Johnson & Johnson Medical Pty Ltd—Life Scan One Touch Verio Blood Glucose Monitoring System (RE-ANNOUNCED)

PRA number

2011/12708

Published date

Product description

Life Scan One Touch Verio Blood Glucose Monitoring System (primarily used for self testing by patients with diabetes)

Johnson and Johnson have advised the Therapeutic Goods Administration (TGA) of additional serial numbers affected by the recall.
Identifying features
Part Number 022-186-01 The units affected were manufactured during August 2010 to December 2010 and are being recalled. The additional units affected were manufactured on or before 4 January 2011 and are being recalled. The first five letters of serial device numbers that may be affected by this recall: BOCBF BOCBH BOCBQ BOCBR BOCCC BOCBG BOCBJ BOCBB BOCCB BOCCF

Other identifying numbers

Part Number 022-186-01

The units affected were manufactured during August 2010 to December 2010 and are being recalled. The additional units affected were manufactured on or before 4 January 2011 and are being recalled.

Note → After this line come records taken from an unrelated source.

(* Let $(\Omega,d)$ be an $A$-uniform space with completion $\overline\Omega$, and let $a\in\partial\Omega=\overline\Omega\setminus\Omega$. Then $\overline\Omega\setminus\{a\}$ is locally annularly quasiconvex around $a$ with $\Lambda=4A$.
   Context: $A$-uniform: $(\Omega,d)$ noncomplete and any $x,y\in\Omega$ are joined by an arc-length parametrized curve $\gamma:[0,l]\to\Omega$ with $l\le A\,d(x,y)$ and $\operatorname{dist}(\gamma(t),\partial\Omega)\ge\frac1A\min\{t,l-t\}$. A metric space $Z$ is locally annularly quasiconvex around $x_0$ if there exist $\Lambda\ge2$ and $r_0>0$ such that for every $0<r\le r_0$, each pair of points $x,y\in B(x_0,2r)\setminus B(x_0,r)$ can be connected within $B(x_0,\Lambda r)\setminus B(x_0,r/\Lambda)$ by a curve of length at most $\Lambda d(x,y)$. *)

theory Defs
  imports "HOL-Analysis.Analysis" "HOL-Library.Extended_Real"
begin

definition curve_length :: "(real \<Rightarrow> 'a::metric_space) \<Rightarrow> real \<Rightarrow> real \<Rightarrow> ereal" where
  "curve_length g a b =
     (SUP pn \<in> {(p, n). mono_on {..n} (p :: nat \<Rightarrow> real) \<and> p 0 = a \<and> p n = b}.
        ereal (\<Sum>i<snd pn. dist (g (fst pn i)) (g (fst pn (Suc i)))))"

definition arclength_param :: "(real \<Rightarrow> 'a::metric_space) \<Rightarrow> real \<Rightarrow> bool" where
  "arclength_param g l \<longleftrightarrow> 0 \<le> l \<and> continuous_on {0..l} g \<and>
     (\<forall>s t. 0 \<le> s \<and> s \<le> t \<and> t \<le> l \<longrightarrow> curve_length g s t = ereal (t - s))"

text \<open>The boundary of \<Omega> inside its completion, realised as the closure of \<Omega>
  in an ambient complete metric space.\<close>
definition mbdry :: "'a::metric_space set \<Rightarrow> 'a set" where
  "mbdry \<Omega> = closure \<Omega> - \<Omega>"

definition uniform_space :: "real \<Rightarrow> 'a::metric_space set \<Rightarrow> bool" where
  "uniform_space A \<Omega> \<longleftrightarrow> \<not> complete \<Omega> \<and>
     (\<forall>x\<in>\<Omega>. \<forall>y\<in>\<Omega>. \<exists>g l. arclength_param g l \<and> g 0 = x \<and> g l = y \<and>
        g ` {0..l} \<subseteq> \<Omega> \<and> l \<le> A * dist x y \<and>
        (\<forall>t\<in>{0..l}. infdist (g t) (mbdry \<Omega>) \<ge> min t (l - t) / A))"
lemma fst_snd_fval_summand_witness:
  assumes "2 \<le> n" "even n" "n + 2 \<le> m" and \<sigma>: "\<sigma> permutes {1..n+1}"
  shows "fst (snd (ascale (of_int (sign \<sigma>))
            (amul (lcomm (witness n (\<sigma> 1)) (witness n 1) (m - n - 1)) (pairprod (witness n) \<sigma> (n div 2)))))
          {1..n} = (if \<sigma> 1 = n + 1 then - (2 ^ (n div 2)) else (0 :: 'k::comm_ring_1))"
proof -
  define L :: "'k utm" where "L = lcomm (witness n (\<sigma> 1)) (witness n 1) (m - n - 1)"
  define P :: "'k utm" where "P = pairprod (witness n) \<sigma> (n div 2)"
  have w1: "witness n 1 = (gmonom (-1) {}, gzero, gmonom 1 {1} :: 'k grass)"
    using assms(1) by (simp add: witness_var witness_gen_def)
  have "fst L = gzero"
    unfolding L_def using assms(3) w1 by (intro fst_lcomm_scalar[of _ _ "-1"]) auto
  then have top: "fst (snd (ascale (of_int (sign \<sigma>)) (amul L P))) {1..n}
      = of_int (sign \<sigma>) * gmul (fst (snd L)) (snd (snd P)) {1..n}"
    by (simp add: fst_snd_ascale amul_components gscale_def)
  show ?thesis
  proof (cases "\<sigma> 1 = n + 1")
    case True
    have "fst (snd L) {} = -1"
      unfolding L_def True using w1 witness_last[of n, where 'k = 'k]
      by (simp add: fst_snd_lcomm_apply_empty gmonom_def)
    moreover have "snd (snd P) = gmonom (2 ^ (n div 2) * of_int (sign \<sigma>)) {1..n}"
      unfolding P_def by (rule snd_snd_pairprod_witness_last_first[OF \<sigma> True \<open>even n\<close>])
    ultimately have "fst (snd (ascale (of_int (sign \<sigma>)) (amul L P))) {1..n}
        = - (2 ^ (n div 2)) * (of_int (sign \<sigma>) * of_int (sign \<sigma>))"
      using top by (simp add: gmul_gmonom_apply_self ac_simps)
    also have "\<dots> = - (2 ^ (n div 2))"
      by (simp flip: of_int_mult)
    finally show ?thesis using True by (simp add: L_def P_def)
  next
    case False
    have "snd (snd P) = gzero"
      unfolding P_def by (rule snd_snd_pairprod_witness_last_inner[OF \<sigma> False \<open>even n\<close>])
    then show ?thesis
      using top False by (simp add: L_def P_def)
  qed
qed

lemma fst_snd_fval_witness:
  assumes "2 \<le> n" "even n" "n + 2 \<le> m"
  shows "fst (snd (fval m n (witness n))) {1..n}
       = - (2 ^ (n div 2)) * (of_nat (card {\<sigma>. \<sigma> permutes {1..n+1} \<and> \<sigma> 1 = n + 1}) :: 'k::comm_ring_1)"
proof -
  have "fst (snd (fval m n (witness n))) {1..n}
      = (\<Sum>\<sigma>\<in>{\<sigma>. \<sigma> permutes {1..n+1}}. if \<sigma> 1 = n + 1 then - (2 ^ (n div 2)) else (0 :: 'k))"
    unfolding fval_def asum_def fst_conv snd_conv
    using fst_snd_fval_summand_witness[OF assms, where 'k = 'k] by (intro sum.cong) auto
  also have "\<dots> = (\<Sum>\<sigma>\<in>{\<sigma>. \<sigma> permutes {1..n+1} \<and> \<sigma> 1 = n + 1}. - (2 ^ (n div 2)))"
    by (subst sum.inter_filter[symmetric]) (auto simp: finite_permutations intro: sum.cong)
  finally show ?thesis by simp
qed

theorem lemma3p7:
  fixes n m :: nat
  assumes "n \<ge> 2" and "even n" and "m \<ge> n + 2"
  shows "\<not> PI_of_FnA n (fval m n :: (nat \<Rightarrow> 'k::field_char_0 utm) \<Rightarrow> 'k utm)"
proof
  assume "PI_of_FnA n (fval m n :: (nat \<Rightarrow> 'k utm) \<Rightarrow> 'k utm)"
  moreover have "witness n = (\<lambda>j. nceval witness_gen (witness_poly n j) :: 'k utm)"
    by (simp add: fun_eq_iff witness_def)
  ultimately have "fval m n (witness n) = (azero :: 'k utm)"
    using ncvars_witness_poly[OF assms(1)] witness_gen_in_Acar unfolding PI_of_FnA_def by metis
  then have "fst (snd (fval m n (witness n))) {1..n} = (0 :: 'k)"
    by (simp add: azero_def)
  define C where "C = {\<sigma>. \<sigma> permutes {1..n+1} \<and> \<sigma> 1 = n + 1}"
  have "finite C"
    unfolding C_def by (rule finite_subset[OF _ finite_permutations[of "{1..n+1}"]]) auto
  moreover have "transpose 1 (n + 1) \<in> C"
    unfolding C_def by (auto intro: permutes_swap_id)
  ultimately have "card C \<noteq> 0" by auto
  then have "fst (snd (fval m n (witness n))) {1..n} \<noteq> (0 :: 'k)"
    using fst_snd_fval_witness[OF assms, where 'k = 'k] by (simp add: C_def)
  then show False using \<open>fst (snd (fval m n (witness n))) {1..n} = 0\<close> by contradiction
qed

end
lemma expectation_exp_le:
  fixes P :: "'a pmf" and X :: "'a \<Rightarrow> real"
  assumes X: "\<And>x. 0 \<le> X x" "\<And>x. X x \<le> m" and c: "\<bar>c\<bar> * m \<le> 1"
  defines "\<mu> \<equiv> measure_pmf.expectation P X"
  shows "measure_pmf.expectation P (\<lambda>x. exp (c * X x)) \<le> exp (c * \<mu> + c\<^sup>2 * m * \<mu>)"
proof -
  have m: "0 \<le> m" using X order_trans by blast
  have iX: "integrable (measure_pmf P) X"
    by (rule integrable_measure_pmf_bounded[where B=m]) (use X in auto)
  have "exp (c * X x) \<le> 1 + c * X x + c\<^sup>2 * m * X x" for x
  proof -
    have "\<bar>c * X x\<bar> \<le> 1"
      using X[of x] c m by (simp add: abs_mult) (metis abs_ge_zero mult_left_mono order_trans)
    then have "exp (c * X x) \<le> 1 + c * X x + (c * X x)\<^sup>2"
      by (rule exp_le_one_plus_x_plus_square)
    also have "(c * X x)\<^sup>2 = c\<^sup>2 * (X x * X x)" by (simp add: power2_eq_square)
    also have "\<dots> \<le> c\<^sup>2 * (m * X x)"
      by (intro mult_left_mono mult_right_mono) (use X[of x] in auto)
    finally show ?thesis by (simp add: mult.assoc)
  qed
  then have "measure_pmf.expectation P (\<lambda>x. exp (c * X x))
      \<le> measure_pmf.expectation P (\<lambda>x. 1 + c * X x + c\<^sup>2 * m * X x)"
    using iX by (intro integral_mono integrable_exp_scaled[OF X]) auto
  also have "\<dots> = 1 + (c * \<mu> + c\<^sup>2 * m * \<mu>)"
    using iX by (simp add: \<mu>_def)
  also have "\<dots> \<le> exp (c * \<mu> + c\<^sup>2 * m * \<mu>)"
    by (rule exp_ge_add_one_self)
  finally show ?thesis .
qed

lemma prob_Pi_pmf_sum_tail:
  fixes P :: "'a pmf" and X :: "'a \<Rightarrow> real"
  assumes X: "\<And>x. 0 \<le> X x" "\<And>x. X x \<le> m" and c: "\<bar>c\<bar> * m \<le> 1"
  defines "\<mu> \<equiv> measure_pmf.expectation P X"
  shows "measure_pmf.prob (Pi_pmf {..<R} d (\<lambda>_. P)) {xs. c * a \<le> c * (\<Sum>i<R. X (xs i))}
     \<le> exp (real R * (c * \<mu> + c\<^sup>2 * m * \<mu>) - c * a)"
proof -
  let ?Q = "Pi_pmf {..<R} d (\<lambda>_. P)"
  let ?u = "\<lambda>xs. \<Prod>i<R. exp (c * X (xs i))"
  have u_eq: "exp (c * (\<Sum>i<R. X (xs i))) = ?u xs" for xs
    by (simp add: sum_distrib_left exp_sum)
  have "measure_pmf.expectation ?Q ?u = (\<Prod>i<R. measure_pmf.expectation P (\<lambda>x. exp (c * X x)))"
    by (rule expectation_prod_Pi_pmf) (auto intro: integrable_exp_scaled[OF X])
  also have "\<dots> \<le> (\<Prod>i<R. exp (c * \<mu> + c\<^sup>2 * m * \<mu>))"
    by (rule prod_mono)
      (use expectation_exp_le[OF X c] in \<open>auto simp: \<mu>_def intro: Bochner_Integration.integral_nonneg\<close>)
  also have "\<dots> = exp (real R * (c * \<mu> + c\<^sup>2 * m * \<mu>))"
    by (simp add: exp_of_nat_mult[symmetric])
  finally have Eu: "measure_pmf.expectation ?Q ?u \<le> exp (real R * (c * \<mu> + c\<^sup>2 * m * \<mu>))" .
  have "measure_pmf.prob ?Q {xs. c * a \<le> c * (\<Sum>i<R. X (xs i))}
      = measure_pmf.prob ?Q {xs \<in> space (measure_pmf ?Q). exp (c * a) \<le> ?u xs}"
    by (simp add: u_eq[symmetric])
  also have "\<dots> \<le> measure_pmf.expectation ?Q ?u / exp (c * a)"
    by (intro integral_Markov_inequality_measure[where A=UNIV] integrable_prod_Pi_pmf
        integrable_exp_scaled[OF X]) (auto intro!: AE_pmfI prod_nonneg)
  also have "\<dots> \<le> exp (real R * (c * \<mu> + c\<^sup>2 * m * \<mu>)) / exp (c * a)"
    by (intro divide_right_mono Eu) auto
  also have "\<dots> = exp (real R * (c * \<mu> + c\<^sup>2 * m * \<mu>) - c * a)"
    by (simp add: exp_diff)
  finally show ?thesis .
qed
lemma dual_graph_connected:
  assumes v: "valid_blowups prox N" and "T \<subseteq> {1..N}" "T \<noteq> {}"
    and cl: "\<And>j k. j \<in> T \<Longrightarrow> k \<in> {1..N} \<Longrightarrow> dual_adj prox N j k \<Longrightarrow> k \<in> T"
  shows "T = {1..N}"
proof (rule adj_closed_eq_all[OF v order_refl assms(2,3)])
  show "adj_closed prox N T"
    unfolding adj_closed_def
  proof (intro ballI impI)
    fix j k assume "j \<in> T" "k \<in> {1..N}" "blow_adj prox (Suc N) j k"
    then show "k \<in> T" using cl[of j k] unfolding dual_adj_def by (cases "j = k") auto
  qed
qed

lemma finite_blow_adj: "finite {k. blow_adj prox m x k}"
  using blow_adj_less by (metis finite_lessThan finite_subset lessThan_iff mem_Collect_eq subsetI)

lemma card_blow_adj_new_divisor:
  assumes v: "valid_blowups prox N" and i: "i \<in> {1..N}" and "i = 1 \<or> free_point prox i"
  shows "card {k. blow_adj prox (Suc i) i k} \<le> 1"
proof -
  obtain j where "{k. k < i \<and> prox i k} \<subseteq> {j}"
    using assms(3) prox_bounds[OF v, of 1] unfolding free_point_def by blast
  moreover have "{k. blow_adj prox (Suc i) i k} = {k. k < i \<and> prox i k}"
    using i by (auto simp: blow_adj_Suc)
  ultimately show ?thesis using card_mono[of "{j}"] by fastforce
qed

text \<open>Blowing up a satellite point does not increase the number of neighbours of an older
  component: if \<open>p\<^sub>m\<close> lies on \<open>E\<^sub>x\<close> and \<open>E\<^sub>y\<close>, the neighbour \<open>y\<close> of \<open>x\<close> is traded for \<open>m\<close>.\<close>

lemma card_blow_adj_satellite:
  assumes v: "valid_blowups prox N" and m: "m \<in> {2..N}" "\<not> free_point prox m" and x: "x < m"
  shows "card {k. blow_adj prox (Suc m) x k} \<le> card {k. blow_adj prox m x k}"
proof -
  obtain a b where ab: "a \<noteq> b" "{j'. prox m j'} = {a, b}"
    using free_or_satellite[OF v m] by metis
  have m1: "1 \<le> m" using m by simp
  show ?thesis
  proof (cases "prox m x")
    case True
    define y where "y = (if x = a then b else a)"
    have y: "prox m y" "y \<noteq> x" using ab True unfolding y_def by auto
    have yx: "y \<in> {k. blow_adj prox m x k}"
      using prox_two_blow_adj[OF v True y(1)] y(2) by auto
    have "{k. blow_adj prox (Suc m) x k} \<subseteq> insert m ({k. blow_adj prox m x k} - {y})"
    proof
      fix k assume "k \<in> {k. blow_adj prox (Suc m) x k}"
      then have "(k < m \<and> blow_adj prox m x k \<and> \<not> prox m k) \<or> k = m"
        using blow_adj_Suc[OF m1, of prox x k] True x by blast
      then show "k \<in> insert m ({k. blow_adj prox m x k} - {y})" using y by auto
    qed
    then have "card {k. blow_adj prox (Suc m) x k} \<le> card (insert m ({k. blow_adj prox m x k} - {y}))"
      by (rule card_mono[rotated]) (simp add: finite_blow_adj)
    also have "\<dots> \<le> Suc (card ({k. blow_adj prox m x k} - {y}))" by (rule card_insert_le_m1) auto
    also have "\<dots> = card {k. blow_adj prox m x k}"
      by (rule card_Suc_Diff1[OF finite_blow_adj yx])
    finally show ?thesis .
  next
    case False
    have "{k. blow_adj prox (Suc m) x k} \<subseteq> {k. blow_adj prox m x k}"
      using blow_adj_Suc[OF m1, of prox x] False x by blast
    then show ?thesis by (rule card_mono[OF finite_blow_adj])
  qed
qed

text \<open>The component created by the last free point (or \<open>E\<^sub>1\<close>) is a leaf, since all later
  points are satellites.\<close>

lemma dual_graph_has_leaf:
  assumes v: "valid_blowups prox N" and N: "1 \<le> N"
  obtains l where "l \<in> {1..N}" "valence prox N l \<le> 1"
proof -
  define Fr where "Fr = insert 1 {i\<in>{2..N}. free_point prox i}"
  define l where "l = Max Fr"
  have Fr: "finite Fr" "Fr \<noteq> {}" unfolding Fr_def by simp_all
  have l: "l \<in> Fr" unfolding l_def by (rule Max_in[OF Fr])
  have l_max: "\<And>i. i \<in> Fr \<Longrightarrow> i \<le> l" unfolding l_def using Fr(1) by simp
  have lN: "l \<in> {1..N}" "l = 1 \<or> free_point prox l" using l N unfolding Fr_def by auto
  have "card {k. blow_adj prox m l k} \<le> 1" if "Suc l \<le> m" "m \<le> Suc N" for m
    using that
  proof (induction m rule: dec_induct)
    case base
    then show ?case using card_blow_adj_new_divisor[OF v lN] by simp
  next
    case (step m)
    have "m \<in> {2..N}" "\<not> free_point prox m" "l < m"
      using step.hyps step.prems lN l_max[of m] unfolding Fr_def by auto
    then show ?case using card_blow_adj_satellite[OF v] step by (meson le_trans Suc_leD)
  qed
  then have "card {k. blow_adj prox (Suc N) l k} \<le> 1" using lN by simp
  moreover have "valence prox N l \<le> card {k. blow_adj prox (Suc N) l k}"
    unfolding valence_def dual_adj_def by (rule card_mono[OF finite_blow_adj]) auto
  ultimately show ?thesis using that lN by simp
qed

section \<open>Where \<open>\<lambda>(F, D; -)\<close> attains its minimum\<close>

lemma lam_min_propagates:
  assumes v: "valid_blowups prox N" and aD: "antinef prox N D" and aF: "antinef prox N F"
    and D_pos: "\<And>\<gamma>. \<gamma> \<in> {1..N} \<Longrightarrow> 0 < D \<gamma>"
    and lower: "\<And>\<gamma>. \<gamma> \<in> {1..N} \<Longrightarrow> \<xi> \<le> lam prox N F D \<gamma>"
    and nu: "\<nu> \<in> {1..N}" "lam prox N F D \<nu> = \<xi>"
    and val: "valence prox N \<nu> \<le> 2" and dhat: "dhat prox N D \<nu> \<le> 0"
  shows "valence prox N \<nu> = 2"
    and "\<And>\<gamma>. \<gamma> \<in> {1..N} \<Longrightarrow> dual_adj prox N \<nu> \<gamma> \<Longrightarrow> lam prox N F D \<gamma> = \<xi>"
proof -
  define h where "h \<gamma> = real_of_int (F \<gamma> + kcoef prox N \<gamma> + 1) - \<xi> * real_of_int (D \<gamma>)" for \<gamma>
  have h_zero_iff: "h \<gamma> = 0 \<longleftrightarrow> lam prox N F D \<gamma> = \<xi>" if "\<gamma> \<in> {1..N}" for \<gamma>
    using D_pos[OF that] unfolding lam_def h_def by (auto simp: field_simps)
  have h_nonneg: "0 \<le> h \<gamma>" if "\<gamma> \<in> {1..N}" for \<gamma>
    using D_pos[OF that] lower[OF that] unfolding lam_def h_def by (auto simp: field_simps)
  define A where "A = {\<gamma>\<in>{1..N}. dual_adj prox N \<nu> \<gamma>}"
  have "dotE prox N D \<nu> = 0"
    using aD nu(1) dhat unfolding antinef_def dhat_def by fastforce
  moreover have "(\<Sum>\<gamma>\<in>{1..N}. h \<gamma> * real_of_int (inum prox N \<gamma> \<nu>))
      = real_of_int (dotE prox N (\<lambda>\<gamma>. F \<gamma> + kcoef prox N \<gamma> + 1) \<nu>) - \<xi> * real_of_int (dotE prox N D \<nu>)"
    unfolding h_def dotE_def
    by (simp add: left_diff_distrib sum_subtractf sum_distrib_left mult.assoc)
  ultimately have sum_A: "(\<Sum>\<gamma>\<in>A. h \<gamma>) = real_of_int (dotE prox N F \<nu> - 2 + int (valence prox N \<nu>))"
    using sum_mult_inum_eq[OF v nu(1), of h] h_zero_iff[OF nu(1)] nu(2) dotE_add_kcoef_one[OF v nu(1)]
    unfolding A_def by simp
  have A_nonneg: "0 \<le> (\<Sum>\<gamma>\<in>A. h \<gamma>)" using h_nonneg unfolding A_def by (intro sum_nonneg) auto
  have "dotE prox N F \<nu> \<le> 0" using aF nu(1) unfolding antinef_def by blast
  then show "valence prox N \<nu> = 2" using sum_A A_nonneg val by linarith
  then have "(\<Sum>\<gamma>\<in>A. h \<gamma>) = 0" using sum_A A_nonneg \<open>dotE prox N F \<nu> \<le> 0\<close> by linarith
  then have "\<forall>\<gamma>\<in>A. h \<gamma> = 0"
    using sum_nonneg_eq_0_iff[of A h] h_nonneg unfolding A_def by auto
  then show "\<And>\<gamma>. \<gamma> \<in> {1..N} \<Longrightarrow> dual_adj prox N \<nu> \<gamma> \<Longrightarrow> lam prox N F D \<gamma> = \<xi>"
    using h_zero_iff unfolding A_def by blast
qed

lemma lam_min_at_star_or_dhat_pos:
  assumes v: "valid_blowups prox N" and aD: "antinef prox N D" and nz: "\<exists>\<nu>\<in>{1..N}. D \<nu> \<noteq> 0"
    and aF: "antinef prox N F"
  shows "\<exists>\<nu>\<in>{1..N}. lam prox N F D \<nu> = xi prox N F D \<and>
           (3 \<le> valence prox N \<nu> \<or> dhat prox N D \<nu> > 0)"
proof (rule ccontr)
  assume none: "\<not> ?thesis"
  define S where "S = {\<nu>\<in>{1..N}. lam prox N F D \<nu> = xi prox N F D}"
  have N: "1 \<le> N" using nz by auto
  then have fin: "finite (lam prox N F D ` {1..N})" "lam prox N F D ` {1..N} \<noteq> {}" by auto
  have lower: "\<And>\<gamma>. \<gamma> \<in> {1..N} \<Longrightarrow> xi prox N F D \<le> lam prox N F D \<gamma>"
    unfolding xi_def by (rule Min_le[OF fin(1)]) simp
  have "xi prox N F D \<in> lam prox N F D ` {1..N}" unfolding xi_def by (rule Min_in[OF fin])
  then have "S \<noteq> {}" unfolding S_def by auto
  have propagates: "valence prox N \<nu> = 2 \<and> (\<forall>\<gamma>\<in>{1..N}. dual_adj prox N \<nu> \<gamma> \<longrightarrow> \<gamma> \<in> S)"
    if "\<nu> \<in> S" for \<nu>
  proof -
    have \<nu>: "\<nu> \<in> {1..N}" "lam prox N F D \<nu> = xi prox N F D" using that unfolding S_def by auto
    then have "valence prox N \<nu> \<le> 2" "dhat prox N D \<nu> \<le> 0" using none by auto
    note lam_min_propagates[OF v aD aF antinef_coeff_pos[OF v aD nz] lower \<nu> this]
    then show ?thesis unfolding S_def by blast
  qed
  have "S = {1..N}"
  proof (rule dual_graph_connected[OF v _ \<open>S \<noteq> {}\<close>])
    show "S \<subseteq> {1..N}" unfolding S_def by auto
    show "\<And>j k. j \<in> S \<Longrightarrow> k \<in> {1..N} \<Longrightarrow> dual_adj prox N j k \<Longrightarrow> k \<in> S"
      using propagates by blast
  qed
  moreover obtain l where "l \<in> {1..N}" "valence prox N l \<le> 1" using dual_graph_has_leaf[OF v N] .
  ultimately show False using propagates[of l] by simp
qed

The first five letters of serial device numbers that may be affected by this recall:
BOCBF
BOCBH
BOCBQ
BOCBR
BOCCC
BOCBG
BOCBJ
BOCBB
BOCCB
BOCCF

Reasons the product is recalled

Some Life Scan One Touch Verio Blood Glucose Monitoring Systems are giving repeated 'error 2' warning messages when used in conditions of high temperature and/or humidity.

The hazards to consumers

The patient may not get a blood glucose result.

What consumers should do

•If the affected unit does not give the error message, then the reading is reliable.

•Patients with Life Scan One Touch Verio Blood Glucose Monitoring
System should contact the One Touch Customer Care line 1800 543 372 to have the affected units replaced and to get more information.

•The replacement with an unaffected meter of the same model will be provided at no cost.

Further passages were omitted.